Dr. Chei Sian Lee is currently Professor at the Wee Kim Wee School of Communication and Information at the Nanyang Technological University in Singapore, where she is also the Associate Chair for Faculty. She is actively involved in research on issues related to everyday user-information interaction at work, school or play. Specifically, her research focuses on how digital and emerging technologies can be designed to facilitate everyday user-information exchanges and be used to change social behaviors, benefit communities, and create social good. More recently, she is investigating the deepfakes phenomena and the use of Generative Artificial Intelligence from an information-oriented perspective. Dr Lee received her B.Sc. and M.Sc. degrees in Computer and Information sciences from the National University of Singapore and her PhD in Management Information Systems from the University of Illinois at Chicago, Liautaud Graduate School of Business.

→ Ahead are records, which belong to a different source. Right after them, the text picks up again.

lemma real_rank_transpose:
  fixes D :: "real mat" assumes D: "D \<in> carrier_mat m n"
  shows "vec_space.rank n D\<^sup>T = vec_space.rank m D"
proof -
  interpret N: real_vec_space n .
  obtain S where "orthonormal n S" "card S = n" "\<forall>p\<in>S. \<exists>\<nu>. D\<^sup>T *\<^sub>v (D *\<^sub>v p) = \<nu> \<cdot>\<^sub>v p"
    using N.gram_orthonormal_eigenbasis[OF D] by blast
  thus ?thesis using N.rank_transpose_eq_card_eigenbasis[OF D] rank_eq_card_eigenbasis[OF D] by simp
qed

section \<open>Matrix identities for Gram mates\<close>

lemma carrier_mat_eq_iff_index:
  assumes "X \<in> carrier_mat k l" "Y \<in> carrier_mat k l"
  shows "X = Y \<longleftrightarrow> (\<forall>i<k. \<forall>j<l. X $$ (i,j) = Y $$ (i,j))"
proof
  assume "\<forall>i<k. \<forall>j<l. X $$ (i,j) = Y $$ (i,j)"
  thus "X = Y" using assms by (intro eq_matI) auto
qed simp

lemma index_mult_transpose_swap:
  fixes A B :: "real mat"
  assumes "A \<in> carrier_mat m n" "B \<in> carrier_mat m n" "i < m" "j < m"
  shows "(A * B\<^sup>T) $$ (j,i) = (B * A\<^sup>T) $$ (i,j)"
  using assms by (simp add: comm_scalar_prod[of _ n])

lemma index_sum_mult_diff_transpose:
  fixes A B :: "real mat"
  assumes "A \<in> carrier_mat m n" "B \<in> carrier_mat m n" "i < m" "j < m"
  shows "((A + B) * (A - B)\<^sup>T) $$ (i,j)
    = (A * A\<^sup>T) $$ (i,j) - (B * B\<^sup>T) $$ (i,j) + (B * A\<^sup>T) $$ (i,j) - (A * B\<^sup>T) $$ (i,j)"
  using assms
  by (simp add: scalar_prod_def sum_subtractf[symmetric] sum.distrib[symmetric] algebra_simps)

lemma index_diff_transpose_mult_sum:
  fixes A B :: "real mat"
  assumes "A \<in> carrier_mat m n" "B \<in> carrier_mat m n" "i < n" "j < n"
  shows "((A - B)\<^sup>T * (A + B)) $$ (i,j)
    = (A\<^sup>T * A) $$ (i,j) - (B\<^sup>T * B) $$ (i,j) + (A\<^sup>T * B) $$ (i,j) - (B\<^sup>T * A) $$ (i,j)"
  using assms
  by (simp add: scalar_prod_def sum_subtractf[symmetric] sum.distrib[symmetric] algebra_simps)

lemma index_mult_diff_transpose:
  fixes A B :: "real mat"
  assumes "A \<in> carrier_mat m n" "B \<in> carrier_mat m n" "i < m" "j < m"
  shows "(A * (A - B)\<^sup>T) $$ (i,j) = (A * A\<^sup>T) $$ (i,j) - (A * B\<^sup>T) $$ (i,j)"
  using assms by (simp add: scalar_prod_def sum_subtractf[symmetric] algebra_simps)

lemma sum_mult_diff_transpose_eq_0_iff:
  fixes A B :: "real mat"
  assumes AB: "A \<in> carrier_mat m n" "B \<in> carrier_mat m n" and G: "A * A\<^sup>T = B * B\<^sup>T"
  shows "(A + B) * (A - B)\<^sup>T = 0\<^sub>m m m \<longleftrightarrow> A * B\<^sup>T = B * A\<^sup>T"
proof -
  have "((A + B) * (A - B)\<^sup>T) $$ (i,j) = 0\<^sub>m m m $$ (i,j) \<longleftrightarrow> (A * B\<^sup>T) $$ (i,j) = (B * A\<^sup>T) $$ (i,j)"
    if "i < m" "j < m" for i j
    using index_sum_mult_diff_transpose[OF AB that] G that by auto
  thus ?thesis using AB by (subst (1 2) carrier_mat_eq_iff_index[of _ m m]) auto
qed

lemma transpose_mat_eq_0_iff:
  fixes X :: "'a :: zero mat" assumes "X \<in> carrier_mat k l"
  shows "X\<^sup>T = 0\<^sub>m l k \<longleftrightarrow> X = 0\<^sub>m k l"
proof
  assume "X\<^sup>T = 0\<^sub>m l k"
  hence "X\<^sup>T\<^sup>T = (0\<^sub>m l k)\<^sup>T" by (rule arg_cong)
  thus "X = 0\<^sub>m k l" by simp
qed simp

lemma diff_transpose_mult_sum_eq_0_iff:
  fixes A B :: "real mat"
  assumes AB: "A \<in> carrier_mat m n" "B \<in> carrier_mat m n" and G: "A\<^sup>T * A = B\<^sup>T * B"
  shows "(A - B)\<^sup>T * (A + B) = 0\<^sub>m n n \<longleftrightarrow> A\<^sup>T * B = B\<^sup>T * A"
proof -
  have ABT: "A\<^sup>T \<in> carrier_mat n m" "B\<^sup>T \<in> carrier_mat n m" using AB by auto
  have "((A\<^sup>T + B\<^sup>T) * (A\<^sup>T - B\<^sup>T)\<^sup>T)\<^sup>T = (A\<^sup>T - B\<^sup>T)\<^sup>T\<^sup>T * (A\<^sup>T + B\<^sup>T)\<^sup>T"
    using ABT by (intro transpose_mult) auto
  also have "\<dots> = (A - B)\<^sup>T * (A + B)"
    unfolding transpose_add[OF ABT] transpose_minus[OF AB] by simp
  finally have eq: "(A - B)\<^sup>T * (A + B) = ((A\<^sup>T + B\<^sup>T) * (A\<^sup>T - B\<^sup>T)\<^sup>T)\<^sup>T" ..
  have Y: "(A\<^sup>T + B\<^sup>T) * (A\<^sup>T - B\<^sup>T)\<^sup>T \<in> carrier_mat n n" using ABT by (intro mult_carrier_mat) auto
  have "A\<^sup>T * A\<^sup>T\<^sup>T = B\<^sup>T * B\<^sup>T\<^sup>T" using G by simp
  from sum_mult_diff_transpose_eq_0_iff[OF ABT this]
  show ?thesis unfolding eq transpose_mat_eq_0_iff[OF Y] by (simp only: transpose_transpose)
qed
(* Let $a,r$ be positive integers with $r\ge 2$, let $a_n=ar^{n-1}+1$ for $n\ge 1$, and set $d=\gcd(a+1,r-1)$. (1) Suppose $d$ is odd. If $a+1$ does not divide $r-1$, then the sequence $(\Gamma(a_n,a_{n+1}))_{n\ge 1}$ is constant. If $a+1$ divides $r-1$, then $\Gamma(a_1,a_2)=1$ and $\Gamma(a_n,a_{n+1})=2$ for all $n\ge 2$. (2) If $d$ is even, then the sequence $(\Gamma(a_n,a_{n+1}))_{n\ge 2}$ alternates between $1$ and $2$.
   Context: For relatively prime positive integers $p,q$, exactly one of the equations $px+qy=\frac{(p-1)(q-1)}{2}$ (Equation 1) and $px+qy+1=\frac{(p-1)(q-1)}{2}$ (Equation 2) has a solution in nonnegative integers $(x,y)$. For positive integers $a,b$ with $d=\gcd(a,b)$, $\Gamma(a,b)=1$ if Equation 1 with $(p,q)=(a/d,b/d)$ has a nonnegative integer solution, and $\Gamma(a,b)=2$ otherwise. *)

theory Defs
  imports Main
begin

text \<open>Equation 1 for coprime p q: p x + q y = (p-1)(q-1)/2 has a solution in
nonnegative integers. Note (p-1)(q-1) is even for coprime p, q (not both even),
except the degenerate cases are handled by the exact-halving check below.\<close>

definition eq1_solvable :: "nat \<Rightarrow> nat \<Rightarrow> bool" where
  "eq1_solvable p q \<longleftrightarrow>
     (\<exists>x y :: nat. 2 * (p * x + q * y) = (p - 1) * (q - 1))"

definition Gamma :: "nat \<Rightarrow> nat \<Rightarrow> nat" where
  "Gamma a b = (let d = gcd a b in if eq1_solvable (a div d) (b div d) then 1 else 2)"

definition seq_a :: "nat \<Rightarrow> nat \<Rightarrow> nat \<Rightarrow> nat" where
  "seq_a a r n = a * r ^ (n - 1) + 1"

end

theory Submission
  imports Defs "HOL-Number_Theory.Cong"
begin

text \<open>Write \<open>a + 1 = d e\<close> and \<open>r = 1 + d m\<close>. Then \<open>a\<^sub>n = d P\<^sub>n\<close> with
\<open>P\<^sub>1 = e\<close> and \<open>P\<^sub>n\<^sub>+\<^sub>1 = r P\<^sub>n - m\<close>; consecutive \<open>P\<^sub>n\<close> are coprime and all
\<open>P\<^sub>n\<close> are congruent to \<open>e\<close> modulo \<open>m\<close>. Fix the inverse \<open>k \<in> [1, m]\<close> of \<open>e\<close>
modulo \<open>m\<close> and put \<open>V\<^sub>n = (k P\<^sub>n - 1) / m\<close>. For coprime \<open>p\<close> and
\<open>q = r p - m\<close>, a solution of Equation 1 forces \<open>2 x + 2 r y + 1 + r - q\<close> to be an
inverse of \<open>p\<close> modulo \<open>m\<close> lying in \<open>[1, m]\<close>, i.e. to equal \<open>k\<close>; so the only candidate
is \<open>2 y + 1 = V\<close>, \<open>2 x = q + k - 1 - r V\<close>, and solvability is a parity condition
on \<open>V\<^sub>n\<close> and \<open>P\<^sub>n\<^sub>+\<^sub>1\<close>. Reducing the recurrences for \<open>P\<^sub>n\<close> and \<open>V\<^sub>n\<close> modulo 2,
the condition is independent of \<open>n\<close> when \<open>d\<close> is odd and flips at every step when \<open>d\<close>
is even.\<close>

lemma eq1_solvable_one: "eq1_solvable 1 q"
  unfolding eq1_solvable_def by auto

lemma Gamma_mult_coprime:
  assumes "coprime p q" and "d > 0"
  shows "Gamma (d * p) (d * q) = (if eq1_solvable p q then 1 else 2)"
proof -
  have "gcd (d * p) (d * q) = d"
    using assms(1) by (simp add: gcd_mult_left)
  then show ?thesis
    using assms(2) by (simp add: Gamma_def Let_def)
qed

lemma eq1_solvable_int_iff:
  assumes "p \<ge> 1" and "q \<ge> 1"
  shows "eq1_solvable p q \<longleftrightarrow>
    (\<exists>x y :: int. x \<ge> 0 \<and> y \<ge> 0 \<and> 2 * (int p * x + int q * y) = (int p - 1) * (int q - 1))"
proof
  assume "eq1_solvable p q"
  then obtain x y where "2 * (p * x + q * y) = (p - 1) * (q - 1)"
    unfolding eq1_solvable_def by blast
  then have "int (2 * (p * x + q * y)) = int ((p - 1) * (q - 1))"
    by (rule arg_cong)
  then have "2 * (int p * int x + int q * int y) = (int p - 1) * (int q - 1)"
    using assms by (simp add: of_nat_diff)
  then show "\<exists>x y :: int. x \<ge> 0 \<and> y \<ge> 0 \<and> 2 * (int p * x + int q * y) = (int p - 1) * (int q - 1)"
    by (intro exI[of _ "int x"] exI[of _ "int y"]) simp
next
  assume "\<exists>x y :: int. x \<ge> 0 \<and> y \<ge> 0 \<and> 2 * (int p * x + int q * y) = (int p - 1) * (int q - 1)"
  then obtain x y :: int
    where "x \<ge> 0" "y \<ge> 0" "2 * (int p * x + int q * y) = (int p - 1) * (int q - 1)"
    by blast
  then have "int (2 * (p * nat x + q * nat y)) = int ((p - 1) * (q - 1))"
    using assms by (simp add: of_nat_diff)
  then show "eq1_solvable p q"
    unfolding eq1_solvable_def by (meson of_nat_eq_iff)
qed

lemma eq1_int_solution_iff:
  fixes p q m r k v x y :: int
  assumes p2: "p \<ge> 2" and mr: "m < r" and qpm: "q + m = r * p" and pkv: "p * k = 1 + m * v"
    and k: "0 < k" "k \<le> m" and xy: "x \<ge> 0" "y \<ge> 0"
  shows "2 * (p * x + q * y) = (p - 1) * (q - 1) \<longleftrightarrow> 2 * y + 1 = v \<and> 2 * x + r * v + 1 = q + k"
proof
  assume "2 * y + 1 = v \<and> 2 * x + r * v + 1 = q + k"
  then show "2 * (p * x + q * y) = (p - 1) * (q - 1)"
    using qpm pkv by (elim conjE) algebra
next
  assume xy_eq: "2 * (p * x + q * y) = (p - 1) * (q - 1)"
  define K where "K = 2 * (x + r * y) + 1 + r - q"
  have Kp: "K * p = m * (2 * y + 1) + 1"
    using qpm xy_eq unfolding K_def by algebra
  have "r * p \<ge> r * 2"
    using p2 mr k by (intro mult_left_mono) auto
  then have q0: "q > 0"
    using qpm mr k by linarith
  have "2 * y + 1 < p"
  proof (rule ccontr)
    assume "\<not> 2 * y + 1 < p"
    then have "q * (p - 1) \<le> q * (2 * y)"
      using q0 by (intro mult_left_mono) auto
    moreover have "p * x \<ge> 0"
      using p2 xy(1) by simp
    ultimately have "q * (p - 1) \<le> (p - 1) * (q - 1)"
      using xy_eq by (simp add: algebra_simps)
    then show False
      using p2 by (simp add: algebra_simps)
  qed
  have "K * p < (m + 1) * p"
  proof -
    have "K * p \<le> m * (p - 1) + 1"
      unfolding Kp using \<open>2 * y + 1 < p\<close> k by (intro add_right_mono mult_left_mono) auto
    also have "\<dots> < (m + 1) * p"
      using p2 k by (simp add: algebra_simps)
    finally show ?thesis .
  qed
  then have K_le: "K \<le> m"
    using p2 by (simp add: mult_less_cancel_right)
  have "0 < K * p"
    using Kp k xy(2) by simp
  then have K_pos: "0 < K"
    using p2 by (auto simp: zero_less_mult_iff)
  have "coprime m p"
  proof (rule coprimeI)
    fix g assume "g dvd m" "g dvd p"
    then have "g dvd p * k - m * v"
      by simp
    then show "is_unit g"
      using pkv by simp
  qed
  moreover have "(K - k) * p = m * (2 * y + 1 - v)"
    using Kp pkv by (simp add: algebra_simps)
  ultimately have "m dvd K - k"
    by (metis coprime_dvd_mult_left_iff dvd_triv_left)
  then have Kk: "K = k"
    using K_pos K_le k dvd_imp_le_int[of "K - k" m] by fastforce
  then have "m * (2 * y + 1) = m * v"
    using Kp pkv by (simp add: algebra_simps)
  then have "2 * y + 1 = v"
    using k by simp
  moreover have "2 * x + r * v + 1 = q + k"
    using Kk unfolding K_def \<open>2 * y + 1 = v\<close>[symmetric] by (simp add: algebra_simps)
  ultimately show "2 * y + 1 = v \<and> 2 * x + r * v + 1 = q + k" ..
qed
definition eval_word :: "('g, 'm) monoid_scheme \<Rightarrow> ('a \<Rightarrow> 'g) \<Rightarrow> ('a \<times> bool) list \<Rightarrow> 'g" where
  "eval_word G x w = foldr (\<lambda>(a, s) acc. (if s then x a else inv\<^bsub>G\<^esub> (x a)) \<otimes>\<^bsub>G\<^esub> acc) w \<one>\<^bsub>G\<^esub>"

definition presented_by :: "('g, 'm) monoid_scheme \<Rightarrow> 'a set \<Rightarrow> ('a \<times> bool) list set \<Rightarrow> ('a \<Rightarrow> 'g) \<Rightarrow> bool" where
  "presented_by G S R x \<longleftrightarrow> group G \<and> x ` S \<subseteq> carrier G \<and>
     eval_word G x ` lists (S \<times> UNIV) = carrier G \<and>
     (\<forall>w\<in>lists (S \<times> UNIV). \<forall>w'\<in>lists (S \<times> UNIV).
        eval_word G x w = eval_word G x w' \<longleftrightarrow> word_eqv S R w w')"

definition normalised_seifert :: "nat \<Rightarrow> (nat \<Rightarrow> int) \<Rightarrow> (nat \<Rightarrow> int) \<Rightarrow> bool" where
  "normalised_seifert n \<alpha> \<beta> \<longleftrightarrow>
     (\<forall>j. 1 \<le> j \<and> j \<le> n \<longrightarrow> 0 < \<beta> j \<and> \<beta> j < \<alpha> j \<and> coprime (\<alpha> j) (\<beta> j))"

definition euler_number :: "int \<Rightarrow> nat \<Rightarrow> (nat \<Rightarrow> int) \<Rightarrow> (nat \<Rightarrow> int) \<Rightarrow> real" where
  "euler_number b n \<alpha> \<beta> = - (of_int b + (\<Sum>j=1..n. of_int (\<beta> j) / of_int (\<alpha> j)))"

end

theory Submission
  imports Defs
begin

text \<open>If \<open>pr \<circ> \<rho> = pr \<circ> \<rho>'\<close>, then for each \<open>y\<close> the lifts \<open>\<rho> y\<close> and \<open>\<rho>' y\<close> cover the same
  projective transformation, so they differ by a deck transformation, a translation by
  \<open>k(y) \<pi>\<close> with \<open>k(y) \<in> \<int>\<close>.  Since the displacement of a lift is \<open>\<pi>\<close>-periodic, \<open>k\<close> is a
  homomorphism \<open>\<pi> \<rightarrow> \<int>\<close>.  On the relators it gives
  \<open>\<Sum>\<^sub>j k(q\<^sub>j) = b k(h)\<close> and \<open>\<alpha>\<^sub>j k(q\<^sub>j) + \<beta>\<^sub>j k(h) = 0\<close>, whence \<open>e k(h) = 0\<close>.  As \<open>e \<noteq> 0\<close>,
  \<open>k\<close> vanishes on \<open>h\<close> and on every \<open>q\<^sub>j\<close>.\<close>

lemma cos_sin_parallel_imp_angle:
  fixes a b c :: real
  assumes "vector [cos a, sin a] = c *\<^sub>R (vector [cos b, sin b] :: real^2)"
  shows "\<exists>i::int. a = b + of_int i * pi"
proof -
  have "cos a = c * cos b" and "sin a = c * sin b"
    using arg_cong[OF assms, of "\<lambda>v. v $ 1"] arg_cong[OF assms, of "\<lambda>v. v $ 2"] by auto
  then have "sin (a - b) = 0" by (simp add: sin_diff)
  then obtain i :: int where "a - b = of_int i * pi" using sin_zero_iff_int2 by blast
  then show ?thesis by (intro exI[of _ i]) simp
qed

Speech Title: Searching as Learning with Everyday Digital Technologies and Generative AI

Abstract: Searching as Learning (SAL), a learning process with potential knowledge gain that occurs during searches in a digital environment, is an emerging field in human-computer interaction (HCI) research, especially with the recent technological advancements such as generative artificial intelligence (GAI). Many studies have investigated SAL’s learning perspective and facets supported by traditional search systems, such as web search engines, to access, search, and retrieve information to fulfill users’ learning intentions. The impacts of GAI and emerging technologies and their disruption to the existing SAL process need to be clarified. This presentation presents a series of studies on Generation Z and their SAL experience to understand how everyday digital technologies and GAI can help learners during SAL.